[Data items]
• • •

lemma inertia_operator_bounded:
  assumes i: "i \<in> V"
  shows "\<exists>B. \<forall>t\<ge>1. \<forall>v. norm (M i (q i t) *v v) \<le> B * norm v"
proof -
  obtain R where R: "\<And>t. t \<ge> 1 \<Longrightarrow> norm (q i t) \<le> R"
    using position_bounded[OF i] by blast
  have "bounded (M i ` cball 0 R)"
    by (intro compact_imp_bounded compact_continuous_image inertia_continuous[OF i] compact_cball)
  then obtain N where N: "\<And>x. x \<in> cball 0 R \<Longrightarrow> norm (M i x) \<le> N"
    unfolding bounded_iff by blast
  obtain K where K: "K > 0" "\<And>(A::real^'m^'m) v. norm (A *v v) \<le> norm A * norm v * K"
    using bounded_bilinear.pos_bounded[OF bounded_bilinear_matrix_vector_mult] by blast
  have "norm (M i (q i t) *v v) \<le> N * K * norm v" if "t \<ge> 1" for t v
    using order_trans[OF K(2) mult_right_mono[OF mult_right_mono[OF N]]] R[OF that] K(1)
    by (simp add: ac_simps)
  then show ?thesis by blast
qed

lemma velocity_bounded:
  assumes i: "i \<in> V"
  shows "\<exists>D. \<forall>t\<ge>1. norm (dq i t) \<le> D"
proof -
  obtain \<mu> where \<mu>: "\<mu> > 0" "\<And>t v. t \<ge> 1 \<Longrightarrow> \<mu> * (norm v)\<^sup>2 \<le> v \<bullet> (M i (q i t) *v v)"
    using inertia_uniformly_positive[OF i] by blast
  have "norm (dq i t) \<le> sqrt (2 * lyapunov 1 / \<mu>)" if t: "t \<ge> 1" for t
  proof (rule real_le_rsqrt)
    have "0 \<le> (norm (q i t - closest_point (X i) (q i t)))\<^sup>2 / 2"
      by simp
    then have "dq i t \<bullet> (M i (q i t) *v dq i t) \<le> 2 * lyapunov 1"
      using agent_energy_le_lyapunov[OF i, of t] lyapunov_antimono[of 1 t] t by linarith
    then show "(norm (dq i t))\<^sup>2 \<le> 2 * lyapunov 1 / \<mu>"
      using \<mu>(2)[OF t, of "dq i t"] \<mu>(1) by (simp add: field_simps)
  qed
  then show ?thesis by blast
qed

lemma coupling_bounded:
  assumes i: "i \<in> V"
  shows "\<exists>G. \<forall>t\<ge>1. norm (coupling (\<lambda>j. q j t) i) \<le> G"
proof -
  have "norm (coupling (\<lambda>j. q j t) i)
      \<le> sqrt (2 * lyapunov 1) + (\<Sum>j\<in>nbrs E i. a i j * sqrt (4 * lyapunov 1 / a i j))"
    if t: "t \<ge> 1" for t
  proof -
    have "norm (\<Sum>j\<in>nbrs E i. a i j *\<^sub>R (q i t - q j t))
        \<le> (\<Sum>j\<in>nbrs E i. a i j * sqrt (4 * lyapunov 1 / a i j))"
      using edge_difference_le[OF i _ t] weight_pos
      by (intro order_trans[OF norm_sum sum_mono]) (simp add: mult_left_mono less_imp_le)
    then show ?thesis
      unfolding coupling_def
      using constraint_distance_le[OF i t] norm_triangle_le[OF add_mono] by blast
  qed
  then show ?thesis by blast
qed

• • •

*About this exercise*. Say, as a bare number, how many lines of the data hold the string "forall".

*Result below*. 3